■ Task objective
The expected response is a copy of every line in the entries below that includes the word "Defs".

■ Listed entries
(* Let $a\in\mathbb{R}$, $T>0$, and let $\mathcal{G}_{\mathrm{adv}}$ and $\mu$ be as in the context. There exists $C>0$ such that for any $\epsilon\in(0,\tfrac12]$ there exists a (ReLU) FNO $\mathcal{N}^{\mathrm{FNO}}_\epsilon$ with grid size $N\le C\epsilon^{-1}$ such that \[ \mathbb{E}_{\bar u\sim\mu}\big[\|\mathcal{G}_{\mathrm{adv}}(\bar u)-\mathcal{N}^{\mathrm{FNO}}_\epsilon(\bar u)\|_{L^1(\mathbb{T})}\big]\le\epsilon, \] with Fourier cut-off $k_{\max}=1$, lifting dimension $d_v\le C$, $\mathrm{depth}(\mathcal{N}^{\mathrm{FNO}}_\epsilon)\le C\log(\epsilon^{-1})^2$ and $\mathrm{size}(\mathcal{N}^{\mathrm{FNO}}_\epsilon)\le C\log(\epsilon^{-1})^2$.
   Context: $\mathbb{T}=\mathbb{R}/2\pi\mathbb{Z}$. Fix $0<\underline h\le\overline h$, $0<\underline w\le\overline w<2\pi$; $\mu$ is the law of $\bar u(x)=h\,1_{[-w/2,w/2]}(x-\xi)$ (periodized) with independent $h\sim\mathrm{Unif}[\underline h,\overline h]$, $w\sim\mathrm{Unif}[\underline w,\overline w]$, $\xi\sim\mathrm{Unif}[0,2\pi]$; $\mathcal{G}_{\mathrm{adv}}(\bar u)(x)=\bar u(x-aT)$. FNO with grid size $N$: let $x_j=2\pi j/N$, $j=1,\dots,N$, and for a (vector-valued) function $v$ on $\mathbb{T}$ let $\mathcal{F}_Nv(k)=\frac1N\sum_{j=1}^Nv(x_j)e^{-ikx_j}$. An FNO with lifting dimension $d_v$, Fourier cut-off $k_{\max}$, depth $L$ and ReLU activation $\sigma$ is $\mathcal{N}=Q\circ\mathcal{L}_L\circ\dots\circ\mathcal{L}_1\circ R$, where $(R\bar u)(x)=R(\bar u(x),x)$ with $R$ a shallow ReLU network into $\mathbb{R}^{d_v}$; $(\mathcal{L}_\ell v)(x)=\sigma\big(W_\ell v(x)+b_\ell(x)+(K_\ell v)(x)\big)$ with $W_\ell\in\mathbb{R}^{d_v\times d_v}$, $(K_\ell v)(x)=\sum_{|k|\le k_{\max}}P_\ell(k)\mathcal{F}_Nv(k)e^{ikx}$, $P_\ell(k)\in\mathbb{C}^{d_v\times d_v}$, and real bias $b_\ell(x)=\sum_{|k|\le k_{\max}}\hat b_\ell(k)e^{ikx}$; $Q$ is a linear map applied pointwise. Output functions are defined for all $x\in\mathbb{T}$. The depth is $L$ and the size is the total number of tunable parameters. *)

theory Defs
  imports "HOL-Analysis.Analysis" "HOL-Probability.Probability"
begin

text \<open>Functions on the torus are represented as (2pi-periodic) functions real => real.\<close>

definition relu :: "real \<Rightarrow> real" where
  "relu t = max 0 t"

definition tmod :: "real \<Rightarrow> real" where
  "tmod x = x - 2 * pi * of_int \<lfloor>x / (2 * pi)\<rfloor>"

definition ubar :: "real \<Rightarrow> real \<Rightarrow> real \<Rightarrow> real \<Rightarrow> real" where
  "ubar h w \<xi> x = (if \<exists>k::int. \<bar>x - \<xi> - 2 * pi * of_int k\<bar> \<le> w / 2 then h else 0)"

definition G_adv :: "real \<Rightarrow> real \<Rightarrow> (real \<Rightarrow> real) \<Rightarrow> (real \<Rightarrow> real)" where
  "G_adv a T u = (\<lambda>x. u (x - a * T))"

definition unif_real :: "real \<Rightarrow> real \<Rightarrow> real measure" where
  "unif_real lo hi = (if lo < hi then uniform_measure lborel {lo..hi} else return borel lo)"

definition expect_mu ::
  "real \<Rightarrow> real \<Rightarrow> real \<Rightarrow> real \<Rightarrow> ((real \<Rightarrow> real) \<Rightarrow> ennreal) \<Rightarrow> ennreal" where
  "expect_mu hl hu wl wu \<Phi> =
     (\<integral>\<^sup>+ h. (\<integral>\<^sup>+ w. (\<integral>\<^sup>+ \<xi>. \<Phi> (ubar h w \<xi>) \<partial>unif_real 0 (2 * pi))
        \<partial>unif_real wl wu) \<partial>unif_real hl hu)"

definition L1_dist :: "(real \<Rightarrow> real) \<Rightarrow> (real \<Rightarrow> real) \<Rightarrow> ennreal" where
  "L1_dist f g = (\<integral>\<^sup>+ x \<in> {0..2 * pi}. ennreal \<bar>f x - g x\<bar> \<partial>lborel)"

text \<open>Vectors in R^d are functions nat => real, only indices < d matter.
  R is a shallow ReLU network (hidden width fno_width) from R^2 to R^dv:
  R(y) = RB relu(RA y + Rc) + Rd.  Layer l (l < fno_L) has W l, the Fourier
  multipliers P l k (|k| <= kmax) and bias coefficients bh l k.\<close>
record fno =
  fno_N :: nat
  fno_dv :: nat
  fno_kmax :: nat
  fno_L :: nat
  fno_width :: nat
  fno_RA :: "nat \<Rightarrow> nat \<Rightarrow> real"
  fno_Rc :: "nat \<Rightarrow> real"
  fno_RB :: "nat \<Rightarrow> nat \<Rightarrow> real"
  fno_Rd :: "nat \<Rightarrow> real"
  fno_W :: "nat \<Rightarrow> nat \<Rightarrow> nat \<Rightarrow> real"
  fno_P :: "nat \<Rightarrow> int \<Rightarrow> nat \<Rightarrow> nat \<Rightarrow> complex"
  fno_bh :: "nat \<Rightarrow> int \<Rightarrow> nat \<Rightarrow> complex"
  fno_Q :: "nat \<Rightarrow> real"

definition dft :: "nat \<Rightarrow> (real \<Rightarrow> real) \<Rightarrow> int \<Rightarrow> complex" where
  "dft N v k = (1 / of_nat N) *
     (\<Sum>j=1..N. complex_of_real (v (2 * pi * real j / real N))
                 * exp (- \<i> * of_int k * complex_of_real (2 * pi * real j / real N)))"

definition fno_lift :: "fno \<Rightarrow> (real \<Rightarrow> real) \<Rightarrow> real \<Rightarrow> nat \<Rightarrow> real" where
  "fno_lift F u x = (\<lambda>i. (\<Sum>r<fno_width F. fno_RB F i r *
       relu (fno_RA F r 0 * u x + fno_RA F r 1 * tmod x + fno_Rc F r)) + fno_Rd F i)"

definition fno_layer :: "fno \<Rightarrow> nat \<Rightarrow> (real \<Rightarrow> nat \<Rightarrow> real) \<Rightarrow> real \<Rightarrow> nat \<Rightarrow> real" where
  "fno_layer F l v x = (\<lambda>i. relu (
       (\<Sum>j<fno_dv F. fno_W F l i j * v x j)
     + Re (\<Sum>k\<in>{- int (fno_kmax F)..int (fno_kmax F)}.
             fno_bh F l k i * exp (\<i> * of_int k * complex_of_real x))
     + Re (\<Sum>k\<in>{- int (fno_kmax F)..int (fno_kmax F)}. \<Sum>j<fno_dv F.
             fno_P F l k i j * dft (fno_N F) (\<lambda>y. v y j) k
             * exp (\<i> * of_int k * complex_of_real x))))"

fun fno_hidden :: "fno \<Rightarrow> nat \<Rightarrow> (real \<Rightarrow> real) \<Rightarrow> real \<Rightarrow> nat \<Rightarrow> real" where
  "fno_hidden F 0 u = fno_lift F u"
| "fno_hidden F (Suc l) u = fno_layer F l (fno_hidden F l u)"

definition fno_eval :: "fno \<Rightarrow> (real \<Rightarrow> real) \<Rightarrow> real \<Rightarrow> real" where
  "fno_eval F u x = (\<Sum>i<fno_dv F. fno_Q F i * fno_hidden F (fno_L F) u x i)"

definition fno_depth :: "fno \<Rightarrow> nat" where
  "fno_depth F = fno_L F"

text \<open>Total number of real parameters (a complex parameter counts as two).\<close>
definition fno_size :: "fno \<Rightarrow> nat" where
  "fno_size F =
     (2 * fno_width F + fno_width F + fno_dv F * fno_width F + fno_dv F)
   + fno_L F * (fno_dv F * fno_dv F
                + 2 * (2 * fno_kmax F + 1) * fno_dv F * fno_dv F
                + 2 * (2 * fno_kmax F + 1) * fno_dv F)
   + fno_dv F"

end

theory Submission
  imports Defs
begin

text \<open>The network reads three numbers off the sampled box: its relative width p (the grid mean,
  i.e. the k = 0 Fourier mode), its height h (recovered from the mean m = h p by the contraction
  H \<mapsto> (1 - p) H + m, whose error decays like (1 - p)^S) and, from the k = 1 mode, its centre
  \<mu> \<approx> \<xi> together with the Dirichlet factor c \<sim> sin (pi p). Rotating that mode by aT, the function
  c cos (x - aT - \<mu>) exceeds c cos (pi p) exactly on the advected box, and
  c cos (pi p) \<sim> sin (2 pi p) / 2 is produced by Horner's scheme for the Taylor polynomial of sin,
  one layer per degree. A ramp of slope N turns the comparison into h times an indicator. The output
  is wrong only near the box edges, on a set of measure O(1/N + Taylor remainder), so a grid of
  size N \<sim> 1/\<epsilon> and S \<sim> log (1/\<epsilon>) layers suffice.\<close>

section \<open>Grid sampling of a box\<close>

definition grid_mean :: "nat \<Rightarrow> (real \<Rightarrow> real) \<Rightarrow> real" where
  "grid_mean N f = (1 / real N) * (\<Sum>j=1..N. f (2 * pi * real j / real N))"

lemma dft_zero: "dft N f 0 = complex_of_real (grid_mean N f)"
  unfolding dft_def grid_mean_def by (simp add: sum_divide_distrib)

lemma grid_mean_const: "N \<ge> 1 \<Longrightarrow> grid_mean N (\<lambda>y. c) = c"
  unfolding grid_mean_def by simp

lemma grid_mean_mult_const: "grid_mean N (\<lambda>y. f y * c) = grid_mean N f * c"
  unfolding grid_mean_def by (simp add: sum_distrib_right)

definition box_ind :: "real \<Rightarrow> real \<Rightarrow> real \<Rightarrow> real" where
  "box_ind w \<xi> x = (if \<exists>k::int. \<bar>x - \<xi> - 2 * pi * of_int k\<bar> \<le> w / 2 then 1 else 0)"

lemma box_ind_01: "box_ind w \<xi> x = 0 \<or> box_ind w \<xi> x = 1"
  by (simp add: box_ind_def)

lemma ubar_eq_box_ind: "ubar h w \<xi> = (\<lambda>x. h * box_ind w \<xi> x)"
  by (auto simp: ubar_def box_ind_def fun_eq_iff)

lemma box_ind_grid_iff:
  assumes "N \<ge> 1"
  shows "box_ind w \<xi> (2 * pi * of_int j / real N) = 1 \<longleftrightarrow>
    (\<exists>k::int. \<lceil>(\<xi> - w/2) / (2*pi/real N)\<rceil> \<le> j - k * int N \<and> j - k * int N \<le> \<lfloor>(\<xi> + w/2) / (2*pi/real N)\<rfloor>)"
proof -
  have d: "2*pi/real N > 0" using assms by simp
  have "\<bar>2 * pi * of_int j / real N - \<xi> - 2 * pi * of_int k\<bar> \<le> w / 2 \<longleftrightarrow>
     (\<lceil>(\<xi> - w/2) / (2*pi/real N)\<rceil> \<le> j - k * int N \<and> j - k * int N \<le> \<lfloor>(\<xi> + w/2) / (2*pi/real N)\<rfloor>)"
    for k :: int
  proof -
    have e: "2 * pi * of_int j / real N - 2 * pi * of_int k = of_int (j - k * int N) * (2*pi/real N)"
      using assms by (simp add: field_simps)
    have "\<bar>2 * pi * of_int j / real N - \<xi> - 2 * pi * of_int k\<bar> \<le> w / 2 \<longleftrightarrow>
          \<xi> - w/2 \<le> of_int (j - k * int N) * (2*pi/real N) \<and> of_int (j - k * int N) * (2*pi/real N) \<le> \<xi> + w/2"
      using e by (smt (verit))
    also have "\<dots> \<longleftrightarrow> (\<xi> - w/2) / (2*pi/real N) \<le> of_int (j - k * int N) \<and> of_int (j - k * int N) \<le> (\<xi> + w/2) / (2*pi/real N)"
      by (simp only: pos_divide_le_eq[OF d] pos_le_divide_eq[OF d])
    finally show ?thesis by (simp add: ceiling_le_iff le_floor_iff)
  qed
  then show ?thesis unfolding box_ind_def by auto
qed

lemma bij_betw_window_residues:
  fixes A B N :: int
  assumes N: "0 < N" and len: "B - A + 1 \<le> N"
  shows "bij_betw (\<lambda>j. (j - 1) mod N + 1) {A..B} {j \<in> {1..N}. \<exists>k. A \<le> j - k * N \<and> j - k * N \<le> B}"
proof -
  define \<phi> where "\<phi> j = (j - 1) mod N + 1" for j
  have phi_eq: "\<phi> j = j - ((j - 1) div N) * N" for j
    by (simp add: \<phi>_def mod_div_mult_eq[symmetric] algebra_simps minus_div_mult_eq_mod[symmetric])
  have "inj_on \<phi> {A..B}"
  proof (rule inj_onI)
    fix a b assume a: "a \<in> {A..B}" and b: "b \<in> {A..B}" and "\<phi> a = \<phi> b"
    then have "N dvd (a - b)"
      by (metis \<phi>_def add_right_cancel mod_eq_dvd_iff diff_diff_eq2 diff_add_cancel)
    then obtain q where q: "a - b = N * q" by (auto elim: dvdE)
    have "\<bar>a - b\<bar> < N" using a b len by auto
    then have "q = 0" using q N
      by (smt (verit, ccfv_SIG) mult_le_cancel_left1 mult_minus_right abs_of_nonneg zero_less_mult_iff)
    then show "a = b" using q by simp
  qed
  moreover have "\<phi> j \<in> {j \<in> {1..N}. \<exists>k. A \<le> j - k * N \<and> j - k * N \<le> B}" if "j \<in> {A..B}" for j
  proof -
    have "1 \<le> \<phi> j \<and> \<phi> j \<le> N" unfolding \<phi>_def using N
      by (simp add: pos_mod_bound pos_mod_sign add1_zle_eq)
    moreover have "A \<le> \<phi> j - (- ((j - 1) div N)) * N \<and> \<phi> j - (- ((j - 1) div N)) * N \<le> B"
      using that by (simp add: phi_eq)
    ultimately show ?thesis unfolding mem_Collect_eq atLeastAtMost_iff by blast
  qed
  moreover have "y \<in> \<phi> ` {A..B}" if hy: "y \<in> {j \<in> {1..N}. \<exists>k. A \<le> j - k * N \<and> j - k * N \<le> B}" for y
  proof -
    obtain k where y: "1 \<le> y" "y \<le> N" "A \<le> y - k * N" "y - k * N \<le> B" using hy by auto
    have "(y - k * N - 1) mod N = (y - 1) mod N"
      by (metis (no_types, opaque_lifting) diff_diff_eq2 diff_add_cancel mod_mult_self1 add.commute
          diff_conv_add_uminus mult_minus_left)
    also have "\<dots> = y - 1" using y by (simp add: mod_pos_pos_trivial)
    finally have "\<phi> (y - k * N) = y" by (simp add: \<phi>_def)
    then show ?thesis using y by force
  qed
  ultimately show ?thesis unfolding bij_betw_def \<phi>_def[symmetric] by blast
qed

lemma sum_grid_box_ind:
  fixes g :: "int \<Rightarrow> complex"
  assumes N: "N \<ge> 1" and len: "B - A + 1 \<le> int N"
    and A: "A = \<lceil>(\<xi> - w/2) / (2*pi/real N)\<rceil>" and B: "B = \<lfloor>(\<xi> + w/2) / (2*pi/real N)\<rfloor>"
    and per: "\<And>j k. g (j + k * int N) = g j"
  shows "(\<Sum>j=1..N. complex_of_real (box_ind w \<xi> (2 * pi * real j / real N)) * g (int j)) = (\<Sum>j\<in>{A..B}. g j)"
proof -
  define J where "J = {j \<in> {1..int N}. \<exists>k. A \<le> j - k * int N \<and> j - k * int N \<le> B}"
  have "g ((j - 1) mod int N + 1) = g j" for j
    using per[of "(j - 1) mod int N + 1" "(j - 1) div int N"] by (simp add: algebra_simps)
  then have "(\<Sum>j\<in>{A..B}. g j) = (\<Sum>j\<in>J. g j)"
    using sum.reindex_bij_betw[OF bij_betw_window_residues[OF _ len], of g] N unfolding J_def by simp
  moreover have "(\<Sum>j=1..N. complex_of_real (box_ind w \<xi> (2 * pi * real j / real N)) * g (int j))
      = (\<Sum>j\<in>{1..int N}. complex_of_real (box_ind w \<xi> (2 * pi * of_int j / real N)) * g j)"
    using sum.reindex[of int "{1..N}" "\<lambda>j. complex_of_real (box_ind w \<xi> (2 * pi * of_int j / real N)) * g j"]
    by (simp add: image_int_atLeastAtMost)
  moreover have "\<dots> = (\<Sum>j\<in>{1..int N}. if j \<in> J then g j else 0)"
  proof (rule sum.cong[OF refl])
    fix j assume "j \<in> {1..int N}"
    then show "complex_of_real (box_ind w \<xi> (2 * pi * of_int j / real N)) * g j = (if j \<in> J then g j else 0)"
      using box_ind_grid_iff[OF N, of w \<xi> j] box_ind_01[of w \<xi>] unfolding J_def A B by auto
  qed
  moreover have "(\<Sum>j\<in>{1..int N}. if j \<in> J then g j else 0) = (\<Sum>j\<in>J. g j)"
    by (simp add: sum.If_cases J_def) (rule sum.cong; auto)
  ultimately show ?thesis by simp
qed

---

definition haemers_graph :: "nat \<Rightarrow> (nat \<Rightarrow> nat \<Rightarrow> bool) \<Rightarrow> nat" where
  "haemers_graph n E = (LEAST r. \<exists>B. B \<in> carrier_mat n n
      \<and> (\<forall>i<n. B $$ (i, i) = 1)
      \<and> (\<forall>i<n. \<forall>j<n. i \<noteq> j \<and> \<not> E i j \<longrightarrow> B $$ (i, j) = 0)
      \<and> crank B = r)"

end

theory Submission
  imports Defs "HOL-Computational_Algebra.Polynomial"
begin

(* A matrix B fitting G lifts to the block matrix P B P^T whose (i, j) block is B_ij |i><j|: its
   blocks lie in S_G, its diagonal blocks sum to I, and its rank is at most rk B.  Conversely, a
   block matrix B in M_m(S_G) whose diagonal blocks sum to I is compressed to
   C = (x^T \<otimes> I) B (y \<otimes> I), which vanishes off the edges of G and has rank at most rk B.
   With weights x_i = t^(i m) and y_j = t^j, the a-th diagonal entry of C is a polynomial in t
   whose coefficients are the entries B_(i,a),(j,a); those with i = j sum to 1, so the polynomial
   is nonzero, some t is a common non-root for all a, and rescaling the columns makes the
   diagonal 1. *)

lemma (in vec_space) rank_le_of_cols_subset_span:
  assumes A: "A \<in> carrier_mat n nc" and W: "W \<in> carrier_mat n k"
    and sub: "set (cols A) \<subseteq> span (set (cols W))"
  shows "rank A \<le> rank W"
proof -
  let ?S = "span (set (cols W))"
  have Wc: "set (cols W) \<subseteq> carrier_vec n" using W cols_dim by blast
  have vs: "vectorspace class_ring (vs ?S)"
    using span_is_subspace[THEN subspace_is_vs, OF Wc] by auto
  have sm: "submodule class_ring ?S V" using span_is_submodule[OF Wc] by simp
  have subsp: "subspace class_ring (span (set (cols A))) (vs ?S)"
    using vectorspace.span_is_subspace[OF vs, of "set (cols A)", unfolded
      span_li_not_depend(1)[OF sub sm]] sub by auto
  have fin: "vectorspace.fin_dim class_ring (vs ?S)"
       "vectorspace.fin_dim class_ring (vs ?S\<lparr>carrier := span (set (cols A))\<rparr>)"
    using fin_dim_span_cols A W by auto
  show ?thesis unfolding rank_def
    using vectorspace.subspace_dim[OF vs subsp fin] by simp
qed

■ Solution for this problem
theory Defs
  imports Defs
  imports Defs "HOL-Computational_Algebra.Polynomial"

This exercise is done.